From Policy to Delivery The traditional empha­sis on policy develop­ment in the s enior ranks of government is being replaced w ith a focus on management and service delivery.

Most public servants are involved in delivering services to citizens, and yet, in most governments around the industrialised world, the senior ranks of the public service have been dominated by policy generalists with only a few having a commercial or financial background. Governments have tended to be driven by policy models rather than delivery models.

Politicians and public servants are now paying much greater attention to questions of implementation, and the structures, processes and capabilities necessary to strengthen the public sector's competence in delivery. There has been a growing recognition that many good ideas fail, not because the idea itself was wrong, but because the execution was flawed.

Transforming the senior civil service

Traditionally, the core public service was career-based, with civil servants re­cruited on the basis of examinations or academic credentials, and thereafter enjoying lifelong tenure. They were transferred between positions as needed, which required them to be generalists.

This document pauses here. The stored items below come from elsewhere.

text \<open>Rizzi's argument: a cover of \<open>E - {f}\<close> no larger than a maximum matching of \<open>E\<close> lies on
  that matching, so it avoids the exposed vertex \<open>v\<close>, hence contains \<open>u\<close> and covers \<open>f\<close> too.\<close>

lemma has_cover_le_matching_maximum_matching_exposes:
  assumes "{u, v} \<in> E" "matching E M" "\<And>N. matching E N \<Longrightarrow> card N \<le> card M" "v \<notin> \<Union>M"
    and "u \<in> f" "f \<notin> M" "f \<noteq> {u, v}" "has_cover_le_matching (E - {f})"
  shows "has_cover_le_matching E"
proof -
  obtain M2 C2 where MC2: "matching (E - {f}) M2" "vertex_cover (E - {f}) C2" "finite C2"
      "card C2 \<le> card M2"
    using assms(8) unfolding has_cover_le_matching_def by blast
  have M2: "matching E M2" using matching_mono[OF MC2(1)] by blast
  have "M \<subseteq> E - {f}" using matching_subset_edges[OF assms(2)] assms(6) by blast
  then have "vertex_cover M C2" using MC2(2) unfolding vertex_cover_def by blast
  moreover have "card C2 \<le> card M" using MC2(4) assms(3)[OF M2] by linarith
  ultimately have "C2 \<subseteq> \<Union>M" using cover_subset_Union_matching[OF assms(2) _ MC2(3)] by blast
  then have "v \<notin> C2" using assms(4) by blast
  moreover have "{u, v} \<inter> C2 \<noteq> {}" using MC2(2) assms(1,7) unfolding vertex_cover_def by blast
  ultimately have "u \<in> C2" by blast
  then have "vertex_cover E C2" using MC2(2) assms(5) unfolding vertex_cover_def by blast
  then show ?thesis using has_cover_le_matchingI[OF M2 _ MC2(3,4)] by blast
qed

In recent years, a number of countries have shifted to position-based systems, where the focus is on finding the best candidate for the job in question, often by competitive recruitment amongst internal and external candidates. Anglo-American governments have tended to

adopt this approach more often, al­though Sweden, Switzerland and Hungary have also been leaders.

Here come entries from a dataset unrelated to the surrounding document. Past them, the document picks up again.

(* For every non-initial valid composite state $\sigma \in S_V^\ast = S_V \setminus S_0$ of the composition $\mathcal{M}uddy\mathcal{P}uzzle$, the predicate $\mathbf{consistent}(\sigma)$ holds.
   Context: Fix $n \ge 1$ children indexed $1,\dots,n$. A message is a triple $\langle j, r, s\rangle$ with $j \in \{1,\dots,n\}$ (the sender), $r \in \mathbb{N}$ (a round number) and $s \in \{u,m,c\}$ (epistemic status: $u$ = "does not know own status", $m$ = "knows they are muddy", $c$ = "knows they are clean"); $\bot$ denotes "no message". Child $i$ is a VLSM $\mathcal{C}_i$ with labels $\{\mathit{init},\mathit{emit},\mathit{receive}\}$, no initial messages, initial states $\langle \mathit{Obs}\rangle$ with $\mathit{Obs}\subseteq\{1,\dots,n\}$, and running states $\langle \mathit{Obs}, r, s\rangle$ with $\mathit{Obs}\subseteq\{1,\dots,n\}$, $r\in\mathbb{N}$, $s\in\{u,m,c\}$; $\mathit{Obs}(\cdot)$ denotes the observation set of either kind of state. Transitions $\tau_i$ and local validity $\beta_i$: - init: enabled only on an initial state $\langle\mathit{Obs}\rangle$ with input $\bot$; goes to $\langle \mathit{Obs},0,u\rangle$ if $\mathit{Obs}\ne\emptyset$ and to $\langle\mathit{Obs},0,m\rangle$ if $\mathit{Obs}=\emptyset$; output $\bot$. - emit: enabled only on a running state $\langle\mathit{Obs},r,s\rangle$ with input $\bot$; state unchanged, output $\langle i,r,s\rangle$. - receive: on a running state $\langle\mathit{Obs},r,s\rangle$ with input message $\langle j,r',s'\rangle$, output $\bot$, new state given by the first applicable case: (R1) $s\in\{m,c\}$: unchanged. Otherwise $s=u$ and: (R2) $s'=c$, $j\notin\mathit{Obs}$, $r'=|\mathit{Obs}|$: $\langle\mathit{Obs},r',c\rangle$; (R3) $s'=c$, $j\notin\mathit{Obs}$, $r'=|\mathit{Obs}|+1$: $\langle\mathit{Obs},r'-1,m\rangle$; (R4) $s'=m$, $j\in\mathit{Obs}$, $r'=|\mathit{Obs}|$: $\langle\mathit{Obs},r',m\rangle$; (R5) $s'=m$, $j\in\mathit{Obs}$, $r'=|\mathit{Obs}|-1$: $\langle\mathit{Obs},r'+1,c\rangle$; (R6) $s'=u$, $j\in\mathit{Obs}$, $r'<r$: unchanged; (R7) $s'=u$, $j\in\mathit{Obs}$, $r\le r'<|\mathit{Obs}|-1$: $\langle\mathit{Obs},r'+1,u\rangle$; (R8) $s'=u$, $j\in\mathit{Obs}$, $r'=|\mathit{Obs}|-1$: $\langle\mathit{Obs},r'+1,m\rangle$; (R9) $s'=u$, $j\notin\mathit{Obs}$, $r'\le r$: unchanged; (R10) $s'=u$, $j\notin\mathit{Obs}$, $r<r'<|\mathit{Obs}|$: $\langle\mathit{Obs},r',u\rangle$; (R11) $s'=u$, $j\notin\mathit{Obs}$, $r'=|\mathit{Obs}|$: $\langle\mathit{Obs},r',m\rangle$. $\beta_i$ for receive holds exactly when one of (R1)–(R11) applies. Composition $\mathcal{M}uddy\mathcal{P}uzzle=(\mathcal{C}_1+\dots+\mathcal{C}_n)|_\varphi$: composite states are tuples $\sigma=(\sigma_1,\dots,\sigma_n)$; composite initial states ($S_0$) are those with every component initial; labels are pairs $(i,l)$; transition $(i,l)$ with input $\mu$ applies $\tau_i(l,\sigma_i,\mu)$ to component $i$, leaves the others unchanged, and is allowed iff $\beta_i(l,\sigma_i,\mu)\wedge\varphi((i,l),\sigma,\mu)$. For a composite state $\sigma$ let $M=\bigcup_{i}\mathit{Obs}(\sigma_i)$; $\mathbf{consistent}(\sigma)$ means $M\ne\emptyset$ and $\mathit{Obs}(\sigma_i)=M\setminus\{i\}$ for all $i$. The composition constraint: $\varphi((i,\mathit{init}),\sigma,\mu)=\mathbf{consistent}(\sigma)$; $\varphi((i,\mathit{emit}),\sigma,\mu)=\text{true}$; $\varphi((i,\mathit{receive}),\sigma,\langle j,r',s'\rangle)$ holds iff $\sigma_j$ is a running state $\langle \mathit{Obs}_j,r_j,s_j\rangle$ and $(s'=s_j\wedge r'=r_j)\vee(s'=u\wedge r'<r_j)$. Validity (VLSM sense): a transition is constrained if its input satisfies the constraint. Valid traces and valid messages are defined by simultaneous induction: a valid trace is a finite sequence of constrained transitions starting in a composite initial state in which every input message is either $\bot$ or a valid message; a valid message is one output by some transition of some valid trace. A valid state is one reachable by a valid trace; $S_V$ is the set of valid states and $S_V^\ast=S_V\setminus S_0$. *)

theory Defs
  imports Main
begin

text \<open>Epistemic status: U = does not know own status, Mu = knows muddy, Cl = knows clean.\<close>
datatype status = U | Mu | Cl

text \<open>A message (j, r, s): sender j, round r, status s.  No message (bottom) is None.\<close>
type_synonym msg = "nat \<times> nat \<times> status"

datatype cstate = Initial "nat set" | Running "nat set" nat status

datatype label = Init | Emit | Receive

fun obs :: "cstate \<Rightarrow> nat set" where
  "obs (Initial Ob) = Ob"
| "obs (Running Ob r s) = Ob"

fun is_initial :: "cstate \<Rightarrow> bool" where
  "is_initial (Initial Ob) = True"
| "is_initial (Running Ob r s) = False"

text \<open>Receive rules R1--R11 (first applicable case); None iff no case applies (beta false).
  The condition r' = |Obs| - 1 is written r' + 1 = |Obs| (rounds are naturals).\<close>
definition receive_step :: "nat set \<Rightarrow> nat \<Rightarrow> status \<Rightarrow> msg \<Rightarrow> cstate option" where
  "receive_step Ob r s m = (case m of (j, r', s') \<Rightarrow>
     if s = Mu \<or> s = Cl then Some (Running Ob r s)
     else if s' = Cl \<and> j \<notin> Ob \<and> r' = card Ob then Some (Running Ob r' Cl)
     else if s' = Cl \<and> j \<notin> Ob \<and> r' = card Ob + 1 then Some (Running Ob (r' - 1) Mu)
     else if s' = Mu \<and> j \<in> Ob \<and> r' = card Ob then Some (Running Ob r' Mu)
     else if s' = Mu \<and> j \<in> Ob \<and> r' + 1 = card Ob then Some (Running Ob (r' + 1) Cl)
     else if s' = U \<and> j \<in> Ob \<and> r' < r then Some (Running Ob r s)
     else if s' = U \<and> j \<in> Ob \<and> r \<le> r' \<and> r' + 1 < card Ob then Some (Running Ob (r' + 1) U)
     else if s' = U \<and> j \<in> Ob \<and> r' + 1 = card Ob then Some (Running Ob (r' + 1) Mu)
     else if s' = U \<and> j \<notin> Ob \<and> r' \<le> r then Some (Running Ob r s)
     else if s' = U \<and> j \<notin> Ob \<and> r < r' \<and> r' < card Ob then Some (Running Ob r' U)
     else if s' = U \<and> j \<notin> Ob \<and> r' = card Ob then Some (Running Ob r' Mu)
     else None)"

fun cstep :: "nat \<Rightarrow> label \<Rightarrow> cstate \<Rightarrow> msg option \<Rightarrow> (cstate \<times> msg option) option" where
  "cstep i Init (Initial Ob) None =
     Some (if Ob \<noteq> {} then Running Ob 0 U else Running Ob 0 Mu, None)"
| "cstep i Emit (Running Ob r s) None = Some (Running Ob r s, Some (i, r, s))"
| "cstep i Receive (Running Ob r s) (Some m) =
     (case receive_step Ob r s m of None \<Rightarrow> None | Some st \<Rightarrow> Some (st, None))"
| "cstep i l st \<mu> = None"

text \<open>Composite states: functions from indices to component states; only indices 1..n matter,
  and (to model n-tuples) all other indices carry the fixed dummy value Initial {}.\<close>
type_synonym cstate_comp = "nat \<Rightarrow> cstate"

definition initial_states :: "nat \<Rightarrow> cstate_comp set" where
  "initial_states n = {\<sigma>. (\<forall>i\<in>{1..n}. \<exists>Ob. Ob \<subseteq> {1..n} \<and> \<sigma> i = Initial Ob)
                         \<and> (\<forall>i. i \<notin> {1..n} \<longrightarrow> \<sigma> i = Initial {})}"

definition consistent :: "nat \<Rightarrow> cstate_comp \<Rightarrow> bool" where
  "consistent n \<sigma> = (let M = (\<Union>i\<in>{1..n}. obs (\<sigma> i)) in
     M \<noteq> {} \<and> (\<forall>i\<in>{1..n}. obs (\<sigma> i) = M - {i}))"

fun phi :: "nat \<Rightarrow> nat \<Rightarrow> label \<Rightarrow> cstate_comp \<Rightarrow> msg option \<Rightarrow> bool" where
  "phi n i Init \<sigma> \<mu> = consistent n \<sigma>"
| "phi n i Emit \<sigma> \<mu> = True"
| "phi n i Receive \<sigma> (Some (j, r', s')) =
     (\<exists>Oj rj sj. \<sigma> j = Running Oj rj sj \<and> ((s' = sj \<and> r' = rj) \<or> (s' = U \<and> r' < rj)))"
| "phi n i Receive \<sigma> None = False"

inductive valid_state :: "nat \<Rightarrow> cstate_comp \<Rightarrow> bool"
  and valid_msg :: "nat \<Rightarrow> msg \<Rightarrow> bool"
  for n :: nat where
  vs_init: "\<sigma> \<in> initial_states n \<Longrightarrow> valid_state n \<sigma>"
| vs_step: "\<lbrakk> valid_state n \<sigma>; i \<in> {1..n};
             \<mu> = None \<or> (\<exists>m. \<mu> = Some m \<and> valid_msg n m);
             cstep i l (\<sigma> i) \<mu> = Some (st', out); phi n i l \<sigma> \<mu> \<rbrakk>
           \<Longrightarrow> valid_state n (\<sigma>(i := st'))"
| vm_out: "\<lbrakk> valid_state n \<sigma>; i \<in> {1..n};
             \<mu> = None \<or> (\<exists>m'. \<mu> = Some m' \<and> valid_msg n m');
             cstep i l (\<sigma> i) \<mu> = Some (st', Some m); phi n i l \<sigma> \<mu> \<rbrakk>
           \<Longrightarrow> valid_msg n m"

end

theory Submission
  imports Defs
begin

text \<open>Observation sets never change, so consistency, once established, is preserved by every
  transition; and in a composite initial state the only enabled transition is an \<open>init\<close>,
  whose constraint is consistency itself.\<close>

lemma receive_step_obs: "receive_step Ob r s m = Some st \<Longrightarrow> obs st = Ob"
  unfolding receive_step_def by (cases m) (auto split: if_split_asm)

lemma cstep_obs: "cstep i l st \<mu> = Some (st', out) \<Longrightarrow> obs st' = obs st"
  by (induction i l st \<mu> rule: cstep.induct)
     (auto split: option.splits if_splits dest: receive_step_obs)

lemma cstep_Initial_imp_Init: "cstep i l (Initial Ob) \<mu> = Some x \<Longrightarrow> l = Init"
  by (cases l; cases \<mu>) auto

lemma initial_states_Initial:
  assumes "\<sigma> \<in> initial_states n" and "i \<in> {1..n}"
  obtains Ob where "\<sigma> i = Initial Ob"
  using assms unfolding initial_states_def by blast

lemma consistent_fun_upd:
  assumes "consistent n \<sigma>" and "obs st' = obs (\<sigma> i)"
  shows "consistent n (\<sigma>(i := st'))"
proof -
  have "obs ((\<sigma>(i := st')) k) = obs (\<sigma> k)" for k
    using assms(2) by simp
  then show ?thesis
    using assms(1) unfolding consistent_def by presburger
qed

lemma valid_state_initial_or_consistent:
  "valid_state n \<sigma> \<Longrightarrow> \<sigma> \<in> initial_states n \<or> consistent n \<sigma>"
proof (induction rule: valid_state_valid_msg.inducts(1)[where ?P2.0 = "\<lambda>_. True"])
  case (vs_step \<sigma> i \<mu> l st' out)
  have "consistent n \<sigma>"
  proof (rule ccontr)
    assume "\<not> consistent n \<sigma>"
    with vs_step.IH have "\<sigma> \<in> initial_states n" by simp
    then obtain Ob where "\<sigma> i = Initial Ob"
      using \<open>i \<in> {1..n}\<close> by (rule initial_states_Initial)
    with vs_step.hyps have "l = Init" by (metis cstep_Initial_imp_Init)
    with \<open>phi n i l \<sigma> \<mu>\<close> \<open>\<not> consistent n \<sigma>\<close> show False by simp
  qed
  moreover have "obs st' = obs (\<sigma> i)"
    using vs_step.hyps by (metis cstep_obs)
  ultimately show ?case by (blast intro: consistent_fun_upd)
qed simp_all

theorem mainTheorem1:
  fixes n :: nat and \<sigma> :: cstate_comp
  assumes "n \<ge> 1"
    and "valid_state n \<sigma>"
    and "\<sigma> \<notin> initial_states n"
  shows "consistent n \<sigma>"
  using valid_state_initial_or_consistent[OF assms(2)] assms(3) by simp

end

In many countries, chief executives and senior civil servants are now hired on term contracts, with performance-related pay. Organisational structures are determined and public servants are recruited, employed and promoted by the chief executive of the individual department or agency, rather than a central public service board. And in an attempt to avoid a fragmentation of the public service and encourage leadership development, a number of governments have established a 'senior executive service'.

The US federal government was the first to introduce such a service, followed in the late 1990s and early 1990s by Australia and New Zealand, and later by the Netherlands and the UK. South Korea has a strong career-based tradition, but in 1999 the government introduced the Open Competitive Position System, with the objective of facilitating the transfer of skills from outside government. Ministries were to designate 20% of senior positions for open competition.

Even with a senior executive service, these countries have experienced difficulty in attracting significant num­bers of external applicants for senior positions, and governments have sought to involve the private sector in other ways.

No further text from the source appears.